lemma Int_normal: "C \<inter> A \<lhd> G"
proof -
  interpret C: subgroup C G by (rule subgroup_C)
  interpret K: subgroup K G by (rule subgroup_K)
  show ?thesis
  proof (rule normal_invI_set_mult[OF subgroups_Inter_pair[OF subgroup_C subgroup_axioms]
        supplement subset K.subset])
    fix a b assume a: "a \<in> A" and b: "b \<in> C \<inter> A"
    then have "a \<otimes> b \<otimes> inv a = b"
      using abelian[OF a, of b] by (simp add: m_assoc)
    then show "a \<otimes> b \<otimes> inv a \<in> C \<inter> A"
      using b by simp
  next
    fix k b assume k: "k \<in> K" and b: "b \<in> C \<inter> A"
    then have "k \<in> C"
      using K_subset by blast
    then have "k \<otimes> b \<otimes> inv k \<in> C"
      using b by (intro C.m_closed C.m_inv_closed) auto
    moreover have "k \<otimes> b \<otimes> inv k \<in> A"
      using k b inv_op_closed2 by simp
    ultimately show "k \<otimes> b \<otimes> inv k \<in> C \<inter> A"
      by blast
  qed
qed

lemma eq_Int_set_mult: "C = (C \<inter> A) <#> K"
  using subgroup_Int_set_mult[OF subgroup_axioms subgroup_C K_subset]
    supplement subgroup.subset[OF subgroup_C]
  by (simp add: Int_absorb2)

lemma conj_mem_set_mult_comm_subgroup:
  assumes a: "a \<in> A" and c: "c \<in> C"
  shows "a \<otimes> c \<otimes> inv a \<in> C <#> comm_subgroup G K A"
proof -
  from c have "c \<in> (C \<inter> A) <#> K"
    by (simp only: eq_Int_set_mult[symmetric])
  then obtain b k where b: "b \<in> C \<inter> A" and k: "k \<in> K" and cbk: "c = b \<otimes> k"
    by (auto simp: mem_set_mult_iff)
  have kC: "k \<in> C" and kG: "k \<in> carrier G"
    using k K_subset subgroup.subset[OF subgroup_K] by blast+
  have "a \<otimes> c \<otimes> inv a = (a \<otimes> b) \<otimes> k \<otimes> inv a"
    using a b kG by (simp add: cbk m_assoc)
  also have "\<dots> = b \<otimes> a \<otimes> k \<otimes> inv a"
    using abelian a b by simp
  also have "\<dots> = c \<otimes> (inv k \<otimes> inv (inv a) \<otimes> k \<otimes> inv a)"
    using a b kG by (simp add: cbk m_assoc)
  finally have "a \<otimes> c \<otimes> inv a = c \<otimes> (inv k \<otimes> inv (inv a) \<otimes> k \<otimes> inv a)" .
  moreover have "inv k \<otimes> inv (inv a) \<otimes> k \<otimes> inv a \<in> comm_subgroup G K A"
    unfolding comm_subgroup_def using k a by (blast intro: generate.incl)
  ultimately show ?thesis
    using c unfolding set_mult_def by blast
qed
theorem theorem2p3:
  fixes E :: "'v::finite \<Rightarrow> 'v \<Rightarrow> bool"
  assumes "simple_graph E" and "connected_graph E" and "nonsingular_graph E"
  shows "(evo_isomorphic (rw_coeffs E) (adj E) \<longleftrightarrow> regular_graph E \<or> biregular_graph E)
    \<and> (\<not> evo_isomorphic (rw_coeffs E) (adj E) \<longrightarrow>
         (\<forall>f. evo_hom (rw_coeffs E) (adj E) f \<longrightarrow> f = (\<lambda>_. 0)) \<and>
         (\<forall>f. evo_hom (adj E) (rw_coeffs E) f \<longrightarrow> f = (\<lambda>_. 0)))"
proof -
  note sym = simple_graph_sym[OF assms(1)]
  have uniform_iff: "neighbour_degrees_uniform E \<longleftrightarrow> regular_graph E \<or> biregular_graph E"
    using neighbour_degrees_uniform_if_regular_or_biregular
      regular_or_biregular_if_neighbour_degrees_uniform[OF sym assms(2)] by blast
  have uniform_if_iso: "neighbour_degrees_uniform E" if iso: "evo_isomorphic (rw_coeffs E) (adj E)"
  proof -
    obtain f where hom: "evo_hom (rw_coeffs E) (adj E) f" and "bij f"
      using iso unfolding evo_isomorphic_def by blast
    then obtain x where "f x = 1"
      by (metis bij_def surj_def)
    then have "f \<noteq> (\<lambda>_. 0)"
      by (auto simp: vec_eq_iff)
    then show ?thesis
      by (rule neighbour_degrees_uniform_if_evo_hom_rw_adj[OF assms hom])
  qed
  show ?thesis
    using uniform_iff uniform_if_iso
      evo_isomorphic_rw_adj_if_neighbour_degrees_uniform[OF sym deg_pos[OF assms(3)]]
      neighbour_degrees_uniform_if_evo_hom_rw_adj[OF assms]
      neighbour_degrees_uniform_if_evo_hom_adj_rw[OF assms] by blast
qed

end
(* Let $\mathcal L=(\Sigma,X)$ be a language and $\Lambda$ a basic fuzzy theory in $\mathcal L$. Let $\mathscr F_\Lambda\dashv\mathscr U_\Lambda$ be the free-model adjunction with counit $\epsilon$, let $\mathsf T_\Lambda=\mathscr U_\Lambda\circ\mathscr F_\Lambda$ be the associated monad on $\mathbf{Fuz}_H$, and let $\mathscr K:\mathbf{Mod}(\Lambda)\to\mathbf{EM}(\mathsf T_\Lambda)$ be the comparison functor, sending a model $\mathcal A$ to the Eilenberg–Moore algebra $\mathscr U_\Lambda(\epsilon_{\mathcal A}):\mathsf T_\Lambda(\mathscr U_\Lambda\mathcal A)\to\mathscr U_\Lambda\mathcal A$ and acting as the identity on underlying arrows. Then $\mathscr K$ is an isomorphism of categories. In particular $\mathbf{Mod}(\Lambda)$ and the category $\mathbf{EM}(\mathsf T_\Lambda)$ of Eilenberg–Moore algebras of $\mathsf T_\Lambda$ are isomorphic.
   Context: $H$ is a frame with bottom $\bot$. An $H$-fuzzy set is a pair $(A,\mu_A)$ of a set $A$ and a function $\mu_A:A\to H$; an arrow $f:(A,\mu_A)\to(B,\mu_B)$ is a function with $\mu_A(x)\le\mu_B(f(x))$; they form $\mathbf{Fuz}_H$. For $n\ge1$, $(A,\mu_A)^n=(A^n,\mu)$ with $\mu(a_1,\dots,a_n)=\bigwedge_i\mu_A(a_i)$. A signature $\Sigma=(O,\mathrm{ar},C)$ consists of a set $O$ of operation symbols with arity $\mathrm{ar}:O\to\{1,2,3,\dots\}$ and a set $C$ of constant symbols. A language is a pair $\mathcal L=(\Sigma,X)$ with $X$ a set of variables. $\mathrm{Terms}(\mathcal L)$ is the smallest set containing $X\sqcup C$ and containing $f(t_1,\dots,t_{\mathrm{ar}(f)})$ whenever $f\in O$ and all $t_i\in\mathrm{Terms}(\mathcal L)$. A formula is either an equation $s\equiv t$ ($s,t$ terms) or a membership proposition $\mathsf E_l(t)$ with $l\in H$ and $t$ a term. A sequent $\Gamma\vdash\psi$ is a pair of a (possibly infinite) set $\Gamma$ of formulas and a formula $\psi$. A fuzzy theory in $\mathcal L$ is a set of sequents. A theory is basic if for every sequent $\Gamma\vdash\phi$ in it, every formula of $\Gamma$ has the form $x\equiv y$ or $\mathsf E_l(x)$ with $x,y\in X$ variables ($\phi$ arbitrary). A $\Sigma$-algebra $\mathcal A=((A,\mu_A),\Sigma^{\mathcal A})$ is an $H$-fuzzy set $(A,\mu_A)$ together with, for each $f\in O$, an arrow $f^{\mathcal A}:(A,\mu_A)^{\mathrm{ar}(f)}\to(A,\mu_A)$ of $\mathbf{Fuz}_H$ and, for each $c\in C$, an element $c^{\mathcal A}\in A$. A morphism of $\Sigma$-algebras is an arrow of $\mathbf{Fuz}_H$ between the carriers preserving all constants and commuting with all operations. An assignment is a function $\iota:X\to A$; evaluation: $x^{\mathcal A,\iota}=\iota(x)$, $c^{\mathcal A,\iota}=c^{\mathcal A}$, $f(t_1,\dots,t_n)^{\mathcal A,\iota}=f^{\mathcal A}(t_1^{\mathcal A,\iota},\dots,t_n^{\mathcal A,\iota})$. $\mathcal A\vDash_\iota s\equiv t$ iff $s^{\mathcal A,\iota}=t^{\mathcal A,\iota}$; $\mathcal A\vDash_\iota\mathsf E_l(t)$ iff $l\le\mu_A(t^{\mathcal A,\iota})$. $\mathcal A$ satisfies $\Gamma\vdash\psi$ if for every assignment $\iota$ with $\mathcal A\vDash_\iota\phi$ for all $\phi\in\Gamma$ one has $\mathcal A\vDash_\iota\psi$. $\mathcal A$ is a model of a theory $\Lambda$ if it satisfies every sequent of $\Lambda$. $\mathbf{Mod}(\Lambda)$ is the full subcategory of the category of $\Sigma$-algebras on the models of $\Lambda$, and $\mathscr U_\Lambda:\mathbf{Mod}(\Lambda)\to\mathbf{Fuz}_H$ is the forgetful functor to carriers; it has a left adjoint $\mathscr F_\Lambda$ (free model functor). *)

theory Defs
  imports Main
begin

◇ ◇ ◇ ◇ ◇

**What needs to be done**
Show all lines above holding the word "otimes".

**Answer to this task**
    then have "a \<otimes> b \<otimes> inv a = b"
    then show "a \<otimes> b \<otimes> inv a \<in> C \<inter> A"
    then have "k \<otimes> b \<otimes> inv k \<in> C"
    moreover have "k \<otimes> b \<otimes> inv k \<in> A"
    ultimately show "k \<otimes> b \<otimes> inv k \<in> C \<inter> A"
  shows "a \<otimes> c \<otimes> inv a \<in> C <#> comm_subgroup G K A"
  then obtain b k where b: "b \<in> C \<inter> A" and k: "k \<in> K" and cbk: "c = b \<otimes> k"
  have "a \<otimes> c \<otimes> inv a = (a \<otimes> b) \<otimes> k \<otimes> inv a"
  also have "\<dots> = b \<otimes> a \<otimes> k \<otimes> inv a"
  also have "\<dots> = c \<otimes> (inv k \<otimes> inv (inv a) \<otimes> k \<otimes> inv a)"
  finally have "a \<otimes> c \<otimes> inv a = c \<otimes> (inv k \<otimes> inv (inv a) \<otimes> k \<otimes> inv a)" .
  moreover have "inv k \<otimes> inv (inv a) \<otimes> k \<otimes> inv a \<in> comm_subgroup G K A"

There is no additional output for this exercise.